The term “expression vector” or “vector” as used herein generally refers to a nucleic acid assembly which is capable of directing the expression of the exogenous gene. The expression vector may include a promoter which is operably linked to the exogenous gene, restriction endonuclease sites, nucleic acids that encode one or more selection markers, and other nucleic acids useful in the practice of recombinant technologies.
The term “fibroblast” as used herein generally refers to a cell that synthesizes procollagen and other structural proteins. Fibroblasts are widely distributed in the body and found in skin, connective tissue and other tissues.

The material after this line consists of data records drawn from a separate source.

(* Let $\lambda>0$, $t>0$ and $n\ge 2$. Consider a Yule tree with rate $\lambda$ whose initial bifurcation occurred time $t$ before the present, conditioned on having exactly $n$ leaves at the present. Let $TL_n(t)$ be the sum of all its edge lengths and $L_n(t)=\mathbb{E}[TL_n(t)]$. Then $$L_n(t)=2t+\frac{n-2}{\lambda}\bigl(1-y(\lambda t)\bigr),\qquad y(x):=\frac{x e^{-x}}{1-e^{-x}},$$ and $y$ is strictly decreasing on $(0,\infty)$ with $\lim_{x\to 0^+}y(x)=1$ and $\lim_{x\to\infty}y(x)=0$. *)

theory Defs
  imports "HOL-Probability.Probability"
begin

text \<open>Yule (pure-birth) process started from the initial bifurcation, i.e. with 2 lineages.
  While there are k+2 lineages, the waiting time until the next split is exponential
  with rate lambda*(k+2). omega k is that holding time; the holding times are independent.\<close>

definition yule_space :: "real \<Rightarrow> (nat \<Rightarrow> real) measure" where
  "yule_space lam = (\<Pi>\<^sub>M k\<in>(UNIV::nat set). density lborel (exponential_density (lam * (real k + 2))))"

text \<open>Number of lineages at time s after the initial bifurcation: 2 plus the number of
  splits (the m-th split happens at time omega 0 + ... + omega (m-1)) that occurred by time s.\<close>

definition yule_count :: "(nat \<Rightarrow> real) \<Rightarrow> real \<Rightarrow> nat" where
  "yule_count \<omega> s = 2 + card {m::nat. 1 \<le> m \<and> (\<Sum>k<m. \<omega> k) \<le> s}"

text \<open>Total edge length of the tree observed at time t after the initial bifurcation:
  the integral over [0,t] of the number of lineages alive.\<close>

definition yule_length :: "real \<Rightarrow> (nat \<Rightarrow> real) \<Rightarrow> real" where
  "yule_length t \<omega> = integral {0..t} (\<lambda>s. real (yule_count \<omega> s))"

definition yule_L :: "real \<Rightarrow> nat \<Rightarrow> real \<Rightarrow> real" where
  "yule_L lam n t =
     (let M = yule_space lam; A = {\<omega> \<in> space M. yule_count \<omega> t = n}
      in (\<integral>\<omega>. yule_length t \<omega> * indicator A \<omega> \<partial>M) / measure M A)"

definition yfun :: "real \<Rightarrow> real" where
  "yfun x = x * exp (- x) / (1 - exp (- x))"

end

theory Submission
  imports Defs "HOL-Real_Asymp.Real_Asymp"
begin

(* A sample point x :: nat => real lists the holding times: x k is the time spent with
   k + 2 lineages, exponential with rate lam (k + 2).  The m-th split happens at
   S_m = x 0 + ... + x (m - 1), and the tree has m + 2 leaves at time t exactly on the event
   B_m(t) = {S_m <= t < S_(m+1)}, on which its total length is 2 t + sum_{i=1..m} (t - S_i).

   With q(v) = (1 - e^(-lam v)) / lam, D(v) = int_0^v u e^(-lam u) du, F_0 = 0 and
   F_m = q^(m-1) D / (m-1)!, integrating out the holding times one at a time (the fundamental
   theorem of calculus for the last one, induction on m for the rest) gives

     E[(a + b sum_{i=1..m} (t - S_i)); B_m(t)] = C_m e^(-2 lam t) (a q(t)^m / m! + b F_m(t)),

   where C_m = lam^m (m+1)!.  Taking a = 1, b = 0 gives P(B_m(t)); these probabilities sum
   to 1, so almost surely exactly one B_m(t) occurs, which identifies the conditioning event
   {n leaves} with B_(n-2)(t).  Dividing the two expectations gives the closed formula.  The
   monotonicity of y follows from the sign of its derivative, its limits from asymptotic
   expansion. *)


section \<open>Exponential moments on an interval\<close>

text \<open>\<open>expint0 lam v\<close> and \<open>expint1 lam v\<close> are the integrals of \<open>exp (-lam u)\<close> and
  \<open>u * exp (-lam u)\<close> over \<open>[0, v]\<close>.\<close>

definition expint0 :: "real \<Rightarrow> real \<Rightarrow> real" where
  "expint0 lam v = (1 - exp (- (lam * v))) / lam"

definition expint1 :: "real \<Rightarrow> real \<Rightarrow> real" where
  "expint1 lam v = (expint0 lam v - v * exp (- (lam * v))) / lam"

text \<open>The length contribution \<open>F_j\<close> of the splits after integrating out \<open>j\<close> holding times.\<close>

definition length_weight :: "real \<Rightarrow> nat \<Rightarrow> real \<Rightarrow> real" where
  "length_weight lam j v =
     (if j = 0 then 0 else expint0 lam v ^ (j - 1) * expint1 lam v / fact (j - 1))"

text \<open>The polynomial in \<open>expint0\<close> carried along the induction: \<open>\<alpha>\<close> weights the
  probability, \<open>\<beta>\<close> the length; \<open>\<sigma>\<close> collects the length of the branches already fixed.\<close>

definition weight :: "real \<Rightarrow> real \<Rightarrow> real \<Rightarrow> nat \<Rightarrow> real \<Rightarrow> real \<Rightarrow> real" where
  "weight lam \<alpha> \<beta> j \<sigma> v =
     \<alpha> * (expint0 lam v ^ j / fact j) +
     \<beta> * (length_weight lam j v + expint0 lam v ^ j / fact j * \<sigma>)"

lemma expint0_deriv:
  "lam \<noteq> 0 \<Longrightarrow> (expint0 lam has_real_derivative exp (- (lam * v))) (at v)"
  unfolding expint0_def by (rule derivative_eq_intros refl | simp)+

lemma expint1_deriv:
  "lam \<noteq> 0 \<Longrightarrow> (expint1 lam has_real_derivative v * exp (- (lam * v))) (at v)"
  unfolding expint1_def by (rule derivative_eq_intros expint0_deriv refl | simp)+

lemma expint0_power_deriv:
  "lam \<noteq> 0 \<Longrightarrow> ((\<lambda>v. expint0 lam v ^ Suc j / fact (Suc j)) has_real_derivative
      exp (- (lam * v)) * (expint0 lam v ^ j / fact j)) (at v)"
  by (rule derivative_eq_intros expint0_deriv refl | simp)+

lemma length_weight_deriv:
  assumes lam: "lam \<noteq> 0"
  shows "(length_weight lam (Suc j) has_real_derivative
           exp (- (lam * v)) * (length_weight lam j v + v * (expint0 lam v ^ j / fact j))) (at v)"
proof (cases j)
  case 0
  have "length_weight lam (Suc 0) = expint1 lam"
    by (simp add: fun_eq_iff length_weight_def)
  then show ?thesis
    using 0 expint1_deriv[OF lam, of v] by (simp add: length_weight_def mult.commute)
next
  case (Suc i)
  let ?q = "expint0 lam v" and ?e = "exp (- (lam * v))"
  have "((\<lambda>v. expint0 lam v ^ Suc i * expint1 lam v / fact (Suc i)) has_real_derivative
          (real (Suc i) * ?e * ?q ^ i * expint1 lam v + ?q ^ Suc i * (v * ?e)) / fact (Suc i)) (at v)"
    by (rule DERIV_cong[OF DERIV_cdivide[OF DERIV_mult[OF
          DERIV_power[OF expint0_deriv[OF lam], where n = "Suc i"] expint1_deriv[OF lam]]]])
       (simp add: algebra_simps)
  moreover have "(real (Suc i) * ?e * ?q ^ i * expint1 lam v + ?q ^ Suc i * (v * ?e)) / fact (Suc i)
      = ?e * (?q ^ i * expint1 lam v / fact i + v * (?q ^ Suc i / fact (Suc i)))"
  proof -
    have "\<And>F k e Q D q v. (F::real) > 0 \<Longrightarrow> k > 0 \<Longrightarrow>
        (k * e * Q * D + q * Q * (v * e)) / (k * F) = e * (Q * D / F + v * (q * Q / (k * F)))"
      by (simp add: field_simps)
    moreover have "(fact (Suc i) :: real) = real (Suc i) * fact i" by simp
    ultimately show ?thesis by (simp only: power_Suc) (simp add: fact_gt_zero)
  qed
  ultimately show ?thesis
    using Suc by (simp add: length_weight_def[abs_def])
qed

lemma weight_deriv:
  assumes "lam \<noteq> 0"
  shows "(weight lam \<alpha> \<beta> (Suc j) \<sigma> has_real_derivative
           exp (- (lam * v)) * weight lam \<alpha> \<beta> j (v + \<sigma>) v) (at v)"
  unfolding weight_def[abs_def]
  by (rule DERIV_cong[OF DERIV_add[OF DERIV_cmult[OF expint0_power_deriv[OF assms]]
        DERIV_cmult[OF DERIV_add[OF length_weight_deriv[OF assms]
        DERIV_cmult_right[OF expint0_power_deriv[OF assms]]]]]])
     (simp add: field_simps)

lemma weight_Suc_0 [simp]: "weight lam \<alpha> \<beta> (Suc j) \<sigma> 0 = 0"
  by (simp add: weight_def length_weight_def expint0_def expint1_def)

lemma expint0_nonneg: "0 < lam \<Longrightarrow> 0 \<le> v \<Longrightarrow> 0 \<le> expint0 lam v"
  by (simp add: expint0_def)

lemma expint1_nonneg:
  assumes "0 < lam" "0 \<le> v"
  shows "0 \<le> expint1 lam v"
proof -
  have "(1 + lam * v) * exp (- (lam * v)) \<le> 1"
    by (metis exp_minus_inverse exp_gt_zero exp_ge_add_one_self mult_right_mono less_imp_le)
  then show ?thesis
    using assms by (simp add: expint1_def expint0_def field_simps)
qed

lemma length_weight_nonneg: "0 < lam \<Longrightarrow> 0 \<le> v \<Longrightarrow> 0 \<le> length_weight lam j v"
  by (simp add: length_weight_def expint0_nonneg expint1_nonneg)

lemma weight_nonneg:
  "0 < lam \<Longrightarrow> 0 \<le> \<alpha> \<Longrightarrow> 0 \<le> \<beta> \<Longrightarrow> 0 \<le> \<sigma> \<Longrightarrow> 0 \<le> v \<Longrightarrow> 0 \<le> weight lam \<alpha> \<beta> j \<sigma> v"
  by (simp add: weight_def expint0_nonneg length_weight_nonneg)

lemma weight_measurable [measurable (raw)]:
  assumes [measurable]: "f \<in> borel_measurable M" "g \<in> borel_measurable M"
  shows "(\<lambda>x. weight lam \<alpha> \<beta> j (f x) (g x)) \<in> borel_measurable M"
  unfolding weight_def[abs_def] length_weight_def[abs_def] expint1_def[abs_def] expint0_def[abs_def]
  by measurable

The term “fluorescent protein” generally refers to a protein that may be used in genetic engineering technologies used as a reporter of expression of an exogenous polynucleotide. The protein when exposed to ultraviolet or blue light fluoresces and emits a bright visible light. Proteins that emit green light include green fluorescent protein (GFP) and proteins that emit red light include red fluorescent protein (RFP).
The term “gelatin” as used herein generally refers to collagen that has been further processed by exposure to acid, base or heat. In some instances, gelatin solutions form reversible gels used in foods, cosmetics, pharmaceuticals, industrial products, medical products, laboratory culture growth media, and many other applications.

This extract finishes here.